• **What you have to do**
Wherever the word "moreover" appears in the entries, copy the whole line.

• **Source records**
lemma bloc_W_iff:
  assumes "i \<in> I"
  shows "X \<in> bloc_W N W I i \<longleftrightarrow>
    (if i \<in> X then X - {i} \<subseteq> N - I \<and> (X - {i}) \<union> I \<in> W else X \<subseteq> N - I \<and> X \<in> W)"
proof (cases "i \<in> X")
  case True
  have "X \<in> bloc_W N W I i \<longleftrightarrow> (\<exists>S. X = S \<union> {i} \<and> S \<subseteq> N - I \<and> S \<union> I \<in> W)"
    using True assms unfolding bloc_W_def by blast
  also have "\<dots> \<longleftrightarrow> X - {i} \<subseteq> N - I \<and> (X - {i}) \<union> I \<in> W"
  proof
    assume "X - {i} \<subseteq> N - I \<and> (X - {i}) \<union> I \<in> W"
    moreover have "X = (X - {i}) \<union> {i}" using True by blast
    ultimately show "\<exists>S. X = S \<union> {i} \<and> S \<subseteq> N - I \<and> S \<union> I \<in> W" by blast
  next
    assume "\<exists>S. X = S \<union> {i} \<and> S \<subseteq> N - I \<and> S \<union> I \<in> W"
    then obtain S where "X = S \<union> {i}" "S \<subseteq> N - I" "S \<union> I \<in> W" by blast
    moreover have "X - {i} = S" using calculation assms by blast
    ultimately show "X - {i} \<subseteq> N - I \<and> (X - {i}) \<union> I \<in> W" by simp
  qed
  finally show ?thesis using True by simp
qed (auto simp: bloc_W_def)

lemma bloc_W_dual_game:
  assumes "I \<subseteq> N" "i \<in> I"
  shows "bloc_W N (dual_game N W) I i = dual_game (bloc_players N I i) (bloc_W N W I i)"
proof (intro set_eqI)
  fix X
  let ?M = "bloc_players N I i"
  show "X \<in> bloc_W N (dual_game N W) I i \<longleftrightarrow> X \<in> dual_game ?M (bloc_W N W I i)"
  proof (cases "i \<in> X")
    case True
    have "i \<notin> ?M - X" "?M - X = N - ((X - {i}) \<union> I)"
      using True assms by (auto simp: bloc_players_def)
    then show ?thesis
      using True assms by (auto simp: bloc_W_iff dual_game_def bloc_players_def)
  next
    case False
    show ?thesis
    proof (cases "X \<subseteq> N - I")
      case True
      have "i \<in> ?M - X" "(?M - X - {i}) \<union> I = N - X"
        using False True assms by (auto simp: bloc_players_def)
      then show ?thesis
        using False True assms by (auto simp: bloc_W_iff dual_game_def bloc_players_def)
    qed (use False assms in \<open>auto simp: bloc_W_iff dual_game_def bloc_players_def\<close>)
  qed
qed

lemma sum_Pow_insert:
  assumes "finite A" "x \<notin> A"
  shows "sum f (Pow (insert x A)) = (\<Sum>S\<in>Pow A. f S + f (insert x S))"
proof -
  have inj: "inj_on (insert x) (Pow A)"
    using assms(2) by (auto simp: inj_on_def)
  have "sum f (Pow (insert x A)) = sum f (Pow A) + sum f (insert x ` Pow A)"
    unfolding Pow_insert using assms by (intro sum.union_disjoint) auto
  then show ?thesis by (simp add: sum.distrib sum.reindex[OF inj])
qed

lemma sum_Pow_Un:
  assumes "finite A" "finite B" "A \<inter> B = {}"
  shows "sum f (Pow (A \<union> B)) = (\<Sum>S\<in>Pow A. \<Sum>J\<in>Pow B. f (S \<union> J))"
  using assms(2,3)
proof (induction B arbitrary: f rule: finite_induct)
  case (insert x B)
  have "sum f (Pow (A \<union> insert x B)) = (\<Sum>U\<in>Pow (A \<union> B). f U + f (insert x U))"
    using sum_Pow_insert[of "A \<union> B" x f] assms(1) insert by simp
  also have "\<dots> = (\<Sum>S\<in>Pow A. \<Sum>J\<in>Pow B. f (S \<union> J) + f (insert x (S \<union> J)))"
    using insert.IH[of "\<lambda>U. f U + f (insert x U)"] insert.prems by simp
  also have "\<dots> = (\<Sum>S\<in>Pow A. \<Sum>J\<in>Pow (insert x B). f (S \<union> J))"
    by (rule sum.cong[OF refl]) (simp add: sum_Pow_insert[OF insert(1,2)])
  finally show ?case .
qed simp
* * *
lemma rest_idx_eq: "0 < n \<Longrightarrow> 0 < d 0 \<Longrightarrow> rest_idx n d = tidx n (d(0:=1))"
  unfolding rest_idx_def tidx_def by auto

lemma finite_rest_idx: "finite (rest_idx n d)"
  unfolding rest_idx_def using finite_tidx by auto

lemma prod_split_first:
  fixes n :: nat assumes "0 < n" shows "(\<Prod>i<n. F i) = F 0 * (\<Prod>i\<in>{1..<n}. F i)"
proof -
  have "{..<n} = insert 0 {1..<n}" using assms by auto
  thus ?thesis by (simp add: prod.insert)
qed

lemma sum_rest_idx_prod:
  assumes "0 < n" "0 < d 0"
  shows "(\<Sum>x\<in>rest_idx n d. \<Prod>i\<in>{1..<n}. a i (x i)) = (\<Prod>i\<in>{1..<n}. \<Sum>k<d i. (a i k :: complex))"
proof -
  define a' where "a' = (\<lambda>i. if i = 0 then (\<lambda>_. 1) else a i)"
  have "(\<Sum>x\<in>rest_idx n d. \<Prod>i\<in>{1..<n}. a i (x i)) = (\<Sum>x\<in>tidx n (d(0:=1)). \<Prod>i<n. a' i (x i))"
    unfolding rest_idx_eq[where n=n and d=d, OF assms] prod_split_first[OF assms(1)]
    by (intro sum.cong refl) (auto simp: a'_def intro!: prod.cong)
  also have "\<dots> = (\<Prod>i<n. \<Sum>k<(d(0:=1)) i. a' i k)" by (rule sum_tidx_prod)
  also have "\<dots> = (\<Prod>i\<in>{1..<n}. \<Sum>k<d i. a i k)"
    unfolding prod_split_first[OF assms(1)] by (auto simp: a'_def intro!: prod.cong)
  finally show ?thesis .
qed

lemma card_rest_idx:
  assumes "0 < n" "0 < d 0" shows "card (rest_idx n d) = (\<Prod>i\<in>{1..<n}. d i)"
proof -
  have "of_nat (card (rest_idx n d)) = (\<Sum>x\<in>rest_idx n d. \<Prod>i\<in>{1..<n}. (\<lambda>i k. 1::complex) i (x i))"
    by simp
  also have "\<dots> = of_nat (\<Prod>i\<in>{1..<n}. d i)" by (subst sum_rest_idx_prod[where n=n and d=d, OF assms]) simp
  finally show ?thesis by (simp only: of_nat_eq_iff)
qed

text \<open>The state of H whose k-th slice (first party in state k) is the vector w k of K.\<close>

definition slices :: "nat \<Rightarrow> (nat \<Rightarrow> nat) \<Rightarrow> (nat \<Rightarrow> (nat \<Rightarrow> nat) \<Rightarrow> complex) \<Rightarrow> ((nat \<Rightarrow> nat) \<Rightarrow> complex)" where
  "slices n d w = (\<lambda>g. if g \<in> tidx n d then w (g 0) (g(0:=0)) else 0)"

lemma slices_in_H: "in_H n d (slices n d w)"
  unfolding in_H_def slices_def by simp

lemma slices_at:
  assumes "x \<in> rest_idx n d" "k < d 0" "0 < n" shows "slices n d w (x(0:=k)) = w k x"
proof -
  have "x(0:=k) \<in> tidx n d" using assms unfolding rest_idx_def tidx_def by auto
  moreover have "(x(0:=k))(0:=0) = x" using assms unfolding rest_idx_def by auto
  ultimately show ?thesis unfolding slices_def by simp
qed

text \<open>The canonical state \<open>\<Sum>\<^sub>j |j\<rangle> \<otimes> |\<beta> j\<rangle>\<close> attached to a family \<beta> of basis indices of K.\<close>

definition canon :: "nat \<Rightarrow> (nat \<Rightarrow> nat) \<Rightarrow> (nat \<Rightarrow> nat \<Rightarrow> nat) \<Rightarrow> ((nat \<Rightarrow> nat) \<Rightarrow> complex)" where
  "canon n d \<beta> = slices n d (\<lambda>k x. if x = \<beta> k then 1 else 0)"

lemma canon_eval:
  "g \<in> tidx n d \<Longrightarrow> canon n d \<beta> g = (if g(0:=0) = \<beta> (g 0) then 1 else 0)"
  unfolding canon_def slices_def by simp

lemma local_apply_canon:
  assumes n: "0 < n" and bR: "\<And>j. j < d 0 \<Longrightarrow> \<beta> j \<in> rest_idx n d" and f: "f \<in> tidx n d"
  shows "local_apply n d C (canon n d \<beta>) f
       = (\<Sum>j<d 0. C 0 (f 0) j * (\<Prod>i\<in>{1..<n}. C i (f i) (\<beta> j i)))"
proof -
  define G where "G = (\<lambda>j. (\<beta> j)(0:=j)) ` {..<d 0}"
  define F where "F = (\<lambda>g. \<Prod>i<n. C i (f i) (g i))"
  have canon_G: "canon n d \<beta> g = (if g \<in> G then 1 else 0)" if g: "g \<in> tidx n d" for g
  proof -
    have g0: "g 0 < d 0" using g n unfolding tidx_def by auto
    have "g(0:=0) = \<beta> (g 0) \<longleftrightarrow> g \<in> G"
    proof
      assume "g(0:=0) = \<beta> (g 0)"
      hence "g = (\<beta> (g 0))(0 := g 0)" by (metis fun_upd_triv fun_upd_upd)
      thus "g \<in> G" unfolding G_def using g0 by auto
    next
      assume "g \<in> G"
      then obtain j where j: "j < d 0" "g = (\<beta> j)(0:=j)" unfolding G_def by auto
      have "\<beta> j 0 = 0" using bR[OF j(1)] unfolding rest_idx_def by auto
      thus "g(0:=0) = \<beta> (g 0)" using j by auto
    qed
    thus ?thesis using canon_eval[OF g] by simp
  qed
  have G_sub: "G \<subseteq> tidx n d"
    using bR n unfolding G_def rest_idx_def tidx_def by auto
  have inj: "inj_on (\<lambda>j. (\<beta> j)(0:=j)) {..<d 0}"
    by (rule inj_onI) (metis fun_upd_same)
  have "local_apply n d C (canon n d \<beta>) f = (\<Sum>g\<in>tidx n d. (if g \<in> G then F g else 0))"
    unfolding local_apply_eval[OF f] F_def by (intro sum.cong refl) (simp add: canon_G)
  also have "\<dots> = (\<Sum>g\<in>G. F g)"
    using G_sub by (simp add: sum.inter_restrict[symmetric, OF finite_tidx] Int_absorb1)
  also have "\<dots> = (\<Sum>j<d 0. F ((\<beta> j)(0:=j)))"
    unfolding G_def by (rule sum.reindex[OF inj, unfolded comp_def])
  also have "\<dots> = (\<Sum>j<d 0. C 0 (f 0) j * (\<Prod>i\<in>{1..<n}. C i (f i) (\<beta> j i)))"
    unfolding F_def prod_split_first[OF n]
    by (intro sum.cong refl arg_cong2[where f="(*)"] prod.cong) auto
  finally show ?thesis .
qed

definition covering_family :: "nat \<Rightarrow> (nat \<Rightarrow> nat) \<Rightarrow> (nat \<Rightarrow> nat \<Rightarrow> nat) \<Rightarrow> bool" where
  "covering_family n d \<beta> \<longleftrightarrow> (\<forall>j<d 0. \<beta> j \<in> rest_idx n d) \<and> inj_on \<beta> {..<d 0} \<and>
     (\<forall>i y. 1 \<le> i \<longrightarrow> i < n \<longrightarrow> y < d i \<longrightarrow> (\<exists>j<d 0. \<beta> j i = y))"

• **Answer for the task**
    moreover have "X = (X - {i}) \<union> {i}" using True by blast
    moreover have "X - {i} = S" using calculation assms by blast
  moreover have "(x(0:=k))(0:=0) = x" using assms unfolding rest_idx_def by auto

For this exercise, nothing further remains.